Support for MET and MMP10 roles in eosinophilic asthma

medwireNews: MET and MMP10 gene expression are likely to play important roles in the cellular inflammation and airway remodeling associated with submucosal eosinophilia in patients with asthma, researchers report.

Stringent false discovery rate analysis of transcriptomic data from bronchial biopsies of 81 patients with moderate-to-severe asthma from the U-BIOPRED cohort showed that MET and MMP10 were the most differentially expressed genes between 33 patients with high numbers of mucosal eosinophils (9.8 counts/mm2), compared with 48 patients with low numbers (1.1 counts/mm2), being significantly over expressed in the former group.
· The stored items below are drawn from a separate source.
(* Let $\theta_0>0$ and let $F_N=\sum_{j=1}^N w_j\delta_{z_j}$ and $F'_{N'}=\sum_{j=1}^{N'}w'_j\delta_{z'_j}$ be probability measures on $(0,\infty)$. Then for every $K\le\min(N,N')$, \[ \|p_{\theta_0,F_N}-p_{\theta_0,F'_{N'}}\|_1\le 4\max_{1\le j\le K}\frac{|z_j-z'_j|}{z_j}+\sum_{j=1}^K|w_j-w'_j|+\sum_{j=K+1}^N w_j+\sum_{j=K+1}^{N'}w'_j. \]
   Context: For $\theta>0$ and a probability measure $F$ on $(0,\infty)$, $p_{\theta,F}(x,y)=\int z^2\theta e^{-z(x+\theta y)}\,dF(z)$ for $(x,y)\in(0,\infty)^2$. $\|\cdot\|_1$ is the $L^1$ norm with respect to Lebesgue measure on $(0,\infty)^2$. *)

theory Defs
  imports "HOL-Analysis.Analysis"
begin

definition pdens :: "real \<Rightarrow> real measure \<Rightarrow> real \<times> real \<Rightarrow> real" where
  "pdens \<theta> F = (\<lambda>(x, y). \<integral> z. z\<^sup>2 * \<theta> * exp (- z * (x + \<theta> * y)) \<partial>F)"

definition fin_mix :: "nat \<Rightarrow> (nat \<Rightarrow> real) \<Rightarrow> (nat \<Rightarrow> real) \<Rightarrow> real measure" where
  "fin_mix N w z = density (count_space UNIV)
      (\<lambda>t. ennreal (\<Sum>j\<in>{1..N}. if z j = t then w j else 0))"

definition L1dist :: "(real \<times> real \<Rightarrow> real) \<Rightarrow> (real \<times> real \<Rightarrow> real) \<Rightarrow> ennreal" where
  "L1dist f g = (\<integral>\<^sup>+ q \<in> {0<..} \<times> {0<..}. ennreal \<bar>f q - g q\<bar> \<partial>lborel)"

end

theory Submission
  imports Defs
begin

(*
  Each finite mixture density is a convex combination of the kernels
  g_a(x, y) = a e^(-a x) * (theta a) e^(-theta a y), products of two exponential
  densities of total mass 1. Splitting both mixtures into their first K atoms and the
  rest, the triangle inequality bounds the L1 distance by
  sum_{j<=K} (w_j |g_(z_j) - g_(z'_j)|_1 + |w_j - w'_j|) plus the two tail weights.
  For exponential densities |a e^(-a x) - b e^(-b x)|_1 <= 2 |a - b| / a, and the rate
  ratio is the same in both coordinates, so |g_a - g_b|_1 <= 4 |a - b| / a; since the
  w_j sum to at most 1, their weighted average is at most 4 max_j |z_j - z'_j| / z_j.
*)

lemma nn_integral_Ioi_eq_has_integral:
  fixes f :: "real \<Rightarrow> real"
  assumes "(f has_integral I) {0..}" "\<And>x. x \<ge> 0 \<Longrightarrow> f x \<ge> 0"
  shows "(\<integral>\<^sup>+x\<in>{0<..}. ennreal (f x) \<partial>lborel) = ennreal I"
proof -
  have "(\<integral>\<^sup>+x\<in>{0<..}. ennreal (f x) \<partial>lborel) = (\<integral>\<^sup>+x. ennreal (indicator {0..} x * f x) \<partial>lborel)"
    by (rule nn_integral_cong_AE)
      (use AE_lborel_singleton[of 0] in \<open>eventually_elim, auto simp: indicator_def\<close>)
  also have "\<dots> = ennreal I"
    by (rule nn_integral_has_integral_lebesgue) (use assms in auto)
  finally show ?thesis .
qed

lemma has_integral_exp_minus_Ici: "c > 0 \<Longrightarrow> ((\<lambda>x::real. exp (-c * x)) has_integral 1 / c) {0..}"
  using has_integral_exp_minus_to_infinity[of c 0] by simp

lemma nn_integral_exponential_density:
  "c > 0 \<Longrightarrow> (\<integral>\<^sup>+x\<in>{0<..}. ennreal (c * exp (-c * x)) \<partial>lborel) = 1"
  using nn_integral_Ioi_eq_has_integral[OF has_integral_mult_right[OF has_integral_exp_minus_Ici, of c c]]
  by simp
text \<open>Translation invariance makes an invariant equivalence relation \<open>R\<close> the coset relation
  of the class \<open>S\<close> of the origin, an additive subgroup of \<open>\<real>\<^sup>4\<close> stable under the Lorentz group.
  If \<open>S \<noteq> {0}\<close>, half-turns in spatial coordinate planes extract from a nonzero element of \<open>S\<close> a nonzero
  multiple of a coordinate vector. Since a boost \<open>B\<^sub>p\<close> in the \<open>(a,t)\<close>-plane acts on the two axes
  by \<open>cosh p\<close> and \<open>sinh p\<close>, the differences \<open>B\<^sub>p w - B\<^sub>-\<^sub>p w\<close> carry an axis vector of that plane
  to an arbitrary multiple of the other one; hence \<open>S\<close> contains all coordinate vectors, so
  \<open>S = \<real>\<^sup>4\<close> and \<open>R\<close> is total.\<close>

lemma prod_UNIV_4: "prod f (UNIV :: 4 set) = f 1 * f 2 * f 3 * f 4"
  unfolding UNIV_4 by (simp add: ac_simps)

lemma det_minkowski_metric_nonzero: "c \<noteq> 0 \<Longrightarrow> det (minkowski_metric c) \<noteq> 0"
  unfolding minkowski_metric_def by (subst det_diagonal) (simp_all add: prod_UNIV_4)

lemma lorentz_group_det_square:
  assumes "c \<noteq> 0" "L \<in> lorentz_group c"
  shows "det L * det L = 1"
proof -
  have "det L * det (minkowski_metric c) * det L = det (minkowski_metric c)"
    using arg_cong[where f = det, OF assms(2)[unfolded lorentz_group_def, simplified]]
    by (simp add: det_mul det_transpose)
  then have "(det L * det L - 1) * det (minkowski_metric c) = 0"
    by (simp add: algebra_simps)
  then show ?thesis
    using det_minkowski_metric_nonzero[OF assms(1)] by simp
qed

lemma mat_1_proper_orthochronous_lorentz: "mat 1 \<in> proper_orthochronous_lorentz c"
  by (simp add: proper_orthochronous_lorentz_def lorentz_group_def transpose_mat det_I)
     (simp add: mat_def)
(* There is a representation (unital $\mathbb C$-algebra homomorphism) $\overline{\mathcal H}\to\operatorname{Mat}_{2D}(\mathbb C)$ such that $\mathcal T\mapsto\mathfrak t$, $\mathcal T'\mapsto\mathfrak t'$, $\mathcal U\mapsto\mathfrak u$, $\mathcal U'\mapsto\mathfrak u'$, $\mathcal X\mapsto\mathfrak x$.
   Context: Let $q$ be a prime power, $D\ge3$ an integer and $e\in\{0,\tfrac12,1,\tfrac32,2\}$ (with $q$ a square when $e\in\{\tfrac12,\tfrac32\}$). Let $\kappa=q^{-e/2}$ and $\kappa'=\sqrt{-1}\,q^{-D/2}$. The nil-DAHA $\overline{\mathcal H}=\overline{\mathcal H}(\kappa,\kappa')$ is the $\mathbb C$-algebra generated by $\mathcal T^{\pm1},\mathcal U,\mathcal X^{\pm1}$ (with $\mathcal T\mathcal T^{-1}=\mathcal T^{-1}\mathcal T=1$, $\mathcal X\mathcal X^{-1}=\mathcal X^{-1}\mathcal X=1$) subject to $(\mathcal T-\kappa)(\mathcal T+\kappa^{-1})=0$, $(\mathcal T'-\kappa')(\mathcal T'+\kappa'^{-1})=0$, $\mathcal U(\mathcal U+1)=0$, $\mathcal U'^2=0$, where $\mathcal T'=\mathcal X\mathcal T^{-1}$ and $\mathcal U'=\mathcal X^{-1}(\mathcal U+1)$. Define $2\times2$ matrices: for $0\le i\le D-1$, $t(i)=\begin{pmatrix} q^{-e/2}-q^{e/2} & q^{e/2}\\ q^{-e/2}&0\end{pmatrix}$, $u'(i)=\begin{pmatrix}0&0\\ -\sqrt{-1}\,q^{(D-e)/2-i}&0\end{pmatrix}$; for $1\le i\le D-1$, $t'(i)=\sqrt{-1}\begin{pmatrix} q^{-D/2}(q^D-q^i+1) & q^{D/2}(q^{i-D}-1)\\ q^{-D/2}(1-q^i) & q^{i-D/2}\end{pmatrix}$, $u(i)=\begin{pmatrix}-1&1-q^{D-i}\\0&0\end{pmatrix}$; and $1\times1$ matrices $t'(0)=t'(D)=(\sqrt{-1}\,q^{-D/2})$, $u(0)=(0)$, $u(D)=(-1)$. Let $\mathfrak t=\operatorname{blockdiag}(t(0),\dots,t(D-1))$, $\mathfrak t'=\operatorname{blockdiag}(t'(0),\dots,t'(D))$, $\mathfrak u=\operatorname{blockdiag}(u(0),\dots,u(D))$, $\mathfrak u'=\operatorname{blockdiag}(u'(0),\dots,u'(D-1))$, all $2D\times2D$, and $\mathfrak x=\mathfrak t'\mathfrak t$. *)

theory Defs
  imports Complex_Main "Jordan_Normal_Form.Matrix"
begin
Indeed, submucosal eosinophil counts were significantly correlated with MET and MMP10 expression, with MET explaining 55% of the variation in eosinophil counts and MMP10 explaining 47%. And when used together, expression of the two proteins classified high bronchial eosinophil inflammation with 85% accuracy.

Under less stringent conditions, Kian Fan Chung (Imperial College London, UK) and co-researchers identified 73 differentially expressed genes that were characteristic of the group with high eosinophil counts, and 33 of these were enriched in key pathways associated with eosinophilic airway inflammation and airway remodeling.

Specifically, from these 33 genes, six functionally relevant annotations were defined, including extracellular matrix (ECM) organization, with MMP10 as its most highly expressed gene, mast cell activation, C–C chemokine receptor binding, circulating immunoglobulin complex, serine proteinase inhibition, and microtubule bundle formation.

“These pathways were associated with eosinophilic airway inflammation, increased blood and tissue macrophages, low systemic C-reactive protein levels, and increased basement membrane thickness”, the team notes in Allergy.

Of the six pathways identified, ECM was a key driver and showed strong associations with both mast cell activation and C–C chemokine receptor binding.

The investigators therefore carried out a transcription factor binding site analysis to explore regulation of the MMP10 and MET genes within the ECM signature. They found that MMP10 and MET gene expression positively correlated with other ECM transcription factors, namely the ETS1 and SOX family proteins, respectively.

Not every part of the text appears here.